_What to produce_
Return every line of the data that contains the string "noteq".

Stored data
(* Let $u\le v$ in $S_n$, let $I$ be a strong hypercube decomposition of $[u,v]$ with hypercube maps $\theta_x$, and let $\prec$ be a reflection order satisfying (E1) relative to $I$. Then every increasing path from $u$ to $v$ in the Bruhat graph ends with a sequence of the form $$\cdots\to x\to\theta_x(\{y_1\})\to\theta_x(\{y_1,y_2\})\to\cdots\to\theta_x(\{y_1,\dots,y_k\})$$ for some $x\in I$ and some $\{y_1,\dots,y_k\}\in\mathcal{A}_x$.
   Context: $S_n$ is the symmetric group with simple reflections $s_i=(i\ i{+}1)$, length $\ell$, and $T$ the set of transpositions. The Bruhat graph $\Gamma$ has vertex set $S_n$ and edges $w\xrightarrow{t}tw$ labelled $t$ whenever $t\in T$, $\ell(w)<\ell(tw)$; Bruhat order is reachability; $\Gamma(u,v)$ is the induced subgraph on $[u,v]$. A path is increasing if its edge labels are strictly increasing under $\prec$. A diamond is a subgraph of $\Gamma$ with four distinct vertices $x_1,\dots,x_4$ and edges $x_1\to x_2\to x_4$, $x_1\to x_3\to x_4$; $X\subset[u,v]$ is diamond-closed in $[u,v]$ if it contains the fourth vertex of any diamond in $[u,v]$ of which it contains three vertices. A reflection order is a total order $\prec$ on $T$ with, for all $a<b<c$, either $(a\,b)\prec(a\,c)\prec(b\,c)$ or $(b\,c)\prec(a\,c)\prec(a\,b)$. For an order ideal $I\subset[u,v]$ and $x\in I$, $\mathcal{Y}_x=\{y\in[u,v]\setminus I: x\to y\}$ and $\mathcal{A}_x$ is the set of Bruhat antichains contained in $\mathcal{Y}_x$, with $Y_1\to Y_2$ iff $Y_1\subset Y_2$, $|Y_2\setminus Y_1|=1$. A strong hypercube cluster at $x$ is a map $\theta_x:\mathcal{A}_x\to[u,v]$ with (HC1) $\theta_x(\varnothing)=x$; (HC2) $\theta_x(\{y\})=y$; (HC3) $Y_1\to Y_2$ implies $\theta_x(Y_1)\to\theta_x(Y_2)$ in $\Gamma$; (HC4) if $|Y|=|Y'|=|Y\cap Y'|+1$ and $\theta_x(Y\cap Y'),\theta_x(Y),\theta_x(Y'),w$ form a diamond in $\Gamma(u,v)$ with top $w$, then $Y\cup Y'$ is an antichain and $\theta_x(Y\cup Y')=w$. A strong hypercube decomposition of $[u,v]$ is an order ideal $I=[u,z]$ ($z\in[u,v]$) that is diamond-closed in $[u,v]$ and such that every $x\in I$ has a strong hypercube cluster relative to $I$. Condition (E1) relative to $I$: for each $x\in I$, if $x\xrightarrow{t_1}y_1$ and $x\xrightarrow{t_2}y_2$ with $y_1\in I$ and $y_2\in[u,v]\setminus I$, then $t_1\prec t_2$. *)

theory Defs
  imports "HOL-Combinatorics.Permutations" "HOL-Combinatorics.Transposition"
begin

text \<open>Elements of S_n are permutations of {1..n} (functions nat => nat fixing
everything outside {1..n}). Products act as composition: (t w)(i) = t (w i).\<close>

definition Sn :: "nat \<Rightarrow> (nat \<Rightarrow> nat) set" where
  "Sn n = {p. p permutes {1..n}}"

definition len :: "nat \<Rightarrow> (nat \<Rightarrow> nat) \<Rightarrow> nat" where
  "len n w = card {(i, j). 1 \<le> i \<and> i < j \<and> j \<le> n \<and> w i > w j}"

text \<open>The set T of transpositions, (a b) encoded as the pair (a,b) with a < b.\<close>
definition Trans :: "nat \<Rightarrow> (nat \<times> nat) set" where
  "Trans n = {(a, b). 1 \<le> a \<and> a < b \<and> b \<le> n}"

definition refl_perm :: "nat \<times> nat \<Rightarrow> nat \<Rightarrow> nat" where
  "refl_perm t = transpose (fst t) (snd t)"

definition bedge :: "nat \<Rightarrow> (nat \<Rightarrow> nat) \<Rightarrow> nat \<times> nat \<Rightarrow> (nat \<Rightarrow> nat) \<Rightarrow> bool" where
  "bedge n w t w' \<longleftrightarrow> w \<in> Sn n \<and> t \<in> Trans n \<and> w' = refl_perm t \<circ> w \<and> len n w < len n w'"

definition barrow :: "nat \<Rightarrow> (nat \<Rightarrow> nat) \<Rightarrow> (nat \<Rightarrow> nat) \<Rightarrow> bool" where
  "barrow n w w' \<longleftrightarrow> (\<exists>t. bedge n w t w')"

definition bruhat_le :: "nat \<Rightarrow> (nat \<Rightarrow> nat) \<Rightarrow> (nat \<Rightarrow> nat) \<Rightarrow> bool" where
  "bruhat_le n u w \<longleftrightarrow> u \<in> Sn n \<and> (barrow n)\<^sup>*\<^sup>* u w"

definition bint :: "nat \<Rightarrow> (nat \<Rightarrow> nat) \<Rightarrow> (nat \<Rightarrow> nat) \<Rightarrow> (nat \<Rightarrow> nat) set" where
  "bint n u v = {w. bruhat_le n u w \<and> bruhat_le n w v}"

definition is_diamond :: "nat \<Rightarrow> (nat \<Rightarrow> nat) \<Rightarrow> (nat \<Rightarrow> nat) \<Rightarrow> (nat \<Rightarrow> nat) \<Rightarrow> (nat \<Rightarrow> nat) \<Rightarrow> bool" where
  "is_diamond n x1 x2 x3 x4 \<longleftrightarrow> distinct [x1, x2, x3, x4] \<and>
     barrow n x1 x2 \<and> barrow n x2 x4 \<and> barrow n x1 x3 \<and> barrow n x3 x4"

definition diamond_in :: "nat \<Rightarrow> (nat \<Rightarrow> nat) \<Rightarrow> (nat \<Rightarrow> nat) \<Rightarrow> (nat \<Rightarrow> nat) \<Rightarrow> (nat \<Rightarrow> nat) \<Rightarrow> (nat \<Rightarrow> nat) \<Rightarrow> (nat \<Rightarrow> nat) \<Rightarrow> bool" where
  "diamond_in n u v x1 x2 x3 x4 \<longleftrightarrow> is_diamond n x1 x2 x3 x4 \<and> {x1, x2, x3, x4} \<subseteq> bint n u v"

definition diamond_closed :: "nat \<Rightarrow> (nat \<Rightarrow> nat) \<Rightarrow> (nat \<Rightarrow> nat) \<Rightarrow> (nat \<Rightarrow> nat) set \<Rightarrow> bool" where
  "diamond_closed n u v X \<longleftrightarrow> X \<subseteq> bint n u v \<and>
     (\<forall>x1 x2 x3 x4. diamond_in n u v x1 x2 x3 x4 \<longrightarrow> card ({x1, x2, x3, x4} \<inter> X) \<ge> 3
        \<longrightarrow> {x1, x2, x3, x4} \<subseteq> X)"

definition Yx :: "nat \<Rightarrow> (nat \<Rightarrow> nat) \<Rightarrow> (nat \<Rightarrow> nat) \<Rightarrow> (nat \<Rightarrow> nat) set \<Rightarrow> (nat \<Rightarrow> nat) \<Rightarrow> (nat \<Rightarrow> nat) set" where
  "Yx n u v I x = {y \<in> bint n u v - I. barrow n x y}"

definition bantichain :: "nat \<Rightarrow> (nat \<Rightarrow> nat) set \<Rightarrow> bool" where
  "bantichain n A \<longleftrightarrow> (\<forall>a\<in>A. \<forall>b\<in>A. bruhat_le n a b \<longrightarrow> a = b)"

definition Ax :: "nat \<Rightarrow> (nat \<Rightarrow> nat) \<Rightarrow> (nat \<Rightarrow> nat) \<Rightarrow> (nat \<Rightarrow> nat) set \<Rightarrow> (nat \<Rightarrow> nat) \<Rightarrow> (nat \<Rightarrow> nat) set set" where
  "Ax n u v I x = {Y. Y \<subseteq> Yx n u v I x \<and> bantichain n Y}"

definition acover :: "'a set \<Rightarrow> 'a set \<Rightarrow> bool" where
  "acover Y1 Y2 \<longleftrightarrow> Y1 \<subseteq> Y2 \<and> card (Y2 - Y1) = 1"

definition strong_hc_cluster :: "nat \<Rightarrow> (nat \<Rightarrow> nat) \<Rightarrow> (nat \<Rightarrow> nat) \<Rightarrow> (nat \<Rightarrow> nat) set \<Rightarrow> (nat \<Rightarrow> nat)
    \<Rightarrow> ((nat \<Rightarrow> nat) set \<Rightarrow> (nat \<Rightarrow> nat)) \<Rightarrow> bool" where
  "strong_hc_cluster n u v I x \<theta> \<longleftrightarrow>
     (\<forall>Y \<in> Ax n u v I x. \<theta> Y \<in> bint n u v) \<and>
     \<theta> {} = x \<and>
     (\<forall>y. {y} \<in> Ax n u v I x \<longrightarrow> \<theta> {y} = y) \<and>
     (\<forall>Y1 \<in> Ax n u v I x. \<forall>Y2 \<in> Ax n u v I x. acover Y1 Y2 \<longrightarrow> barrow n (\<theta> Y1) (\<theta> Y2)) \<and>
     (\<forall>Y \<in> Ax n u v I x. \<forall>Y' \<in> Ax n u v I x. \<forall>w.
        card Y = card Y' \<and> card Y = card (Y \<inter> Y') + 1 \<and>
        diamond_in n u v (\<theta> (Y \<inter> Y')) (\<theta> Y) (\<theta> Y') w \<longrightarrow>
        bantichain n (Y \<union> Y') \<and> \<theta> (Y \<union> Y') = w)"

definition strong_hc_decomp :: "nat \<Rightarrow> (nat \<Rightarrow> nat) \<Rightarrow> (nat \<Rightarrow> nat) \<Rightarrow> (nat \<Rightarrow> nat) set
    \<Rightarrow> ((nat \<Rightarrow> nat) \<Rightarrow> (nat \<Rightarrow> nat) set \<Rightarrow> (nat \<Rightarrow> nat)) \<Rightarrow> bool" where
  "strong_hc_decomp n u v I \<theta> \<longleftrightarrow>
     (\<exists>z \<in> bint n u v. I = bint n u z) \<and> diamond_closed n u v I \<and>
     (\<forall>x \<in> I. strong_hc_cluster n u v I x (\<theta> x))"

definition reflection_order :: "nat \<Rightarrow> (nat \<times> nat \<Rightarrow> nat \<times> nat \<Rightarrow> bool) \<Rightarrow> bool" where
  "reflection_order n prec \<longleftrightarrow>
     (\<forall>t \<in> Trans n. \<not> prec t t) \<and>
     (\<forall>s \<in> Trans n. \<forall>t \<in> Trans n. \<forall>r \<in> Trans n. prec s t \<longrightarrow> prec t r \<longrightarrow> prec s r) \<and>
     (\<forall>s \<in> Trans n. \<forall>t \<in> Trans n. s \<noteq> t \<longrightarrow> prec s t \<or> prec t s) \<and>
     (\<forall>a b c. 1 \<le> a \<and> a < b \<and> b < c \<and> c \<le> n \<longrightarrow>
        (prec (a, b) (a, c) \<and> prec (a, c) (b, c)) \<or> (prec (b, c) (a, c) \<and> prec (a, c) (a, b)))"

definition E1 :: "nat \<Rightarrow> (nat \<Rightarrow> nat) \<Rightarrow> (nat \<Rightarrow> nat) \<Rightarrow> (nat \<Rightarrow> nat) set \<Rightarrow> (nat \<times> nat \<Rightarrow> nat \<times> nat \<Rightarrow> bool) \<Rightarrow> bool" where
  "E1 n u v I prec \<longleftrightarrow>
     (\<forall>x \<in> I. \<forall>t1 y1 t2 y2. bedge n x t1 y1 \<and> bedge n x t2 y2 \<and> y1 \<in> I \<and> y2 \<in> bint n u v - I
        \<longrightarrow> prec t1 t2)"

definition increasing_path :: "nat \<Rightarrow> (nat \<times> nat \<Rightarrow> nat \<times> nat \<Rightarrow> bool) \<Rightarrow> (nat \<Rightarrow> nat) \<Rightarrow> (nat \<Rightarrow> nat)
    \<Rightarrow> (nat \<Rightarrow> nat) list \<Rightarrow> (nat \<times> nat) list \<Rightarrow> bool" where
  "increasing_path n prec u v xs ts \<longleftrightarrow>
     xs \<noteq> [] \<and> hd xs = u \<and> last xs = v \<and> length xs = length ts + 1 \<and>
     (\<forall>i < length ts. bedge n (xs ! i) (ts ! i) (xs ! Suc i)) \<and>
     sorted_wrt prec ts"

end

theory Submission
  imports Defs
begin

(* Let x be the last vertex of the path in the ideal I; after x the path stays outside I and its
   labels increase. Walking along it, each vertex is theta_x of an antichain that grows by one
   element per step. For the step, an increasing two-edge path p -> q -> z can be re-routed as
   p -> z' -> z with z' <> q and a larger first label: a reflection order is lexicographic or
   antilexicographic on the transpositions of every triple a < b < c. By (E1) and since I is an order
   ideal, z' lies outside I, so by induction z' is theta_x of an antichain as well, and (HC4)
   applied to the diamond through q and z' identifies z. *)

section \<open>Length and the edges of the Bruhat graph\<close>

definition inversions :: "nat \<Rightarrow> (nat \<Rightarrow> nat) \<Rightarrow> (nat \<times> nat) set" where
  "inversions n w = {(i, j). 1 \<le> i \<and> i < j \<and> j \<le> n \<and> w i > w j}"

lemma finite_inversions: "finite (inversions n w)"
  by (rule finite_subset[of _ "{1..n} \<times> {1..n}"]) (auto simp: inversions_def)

_Response to the exercise_
     (\<forall>s \<in> Trans n. \<forall>t \<in> Trans n. s \<noteq> t \<longrightarrow> prec s t \<or> prec t s) \<and>
     xs \<noteq> [] \<and> hd xs = u \<and> last xs = v \<and> length xs = length ts + 1 \<and>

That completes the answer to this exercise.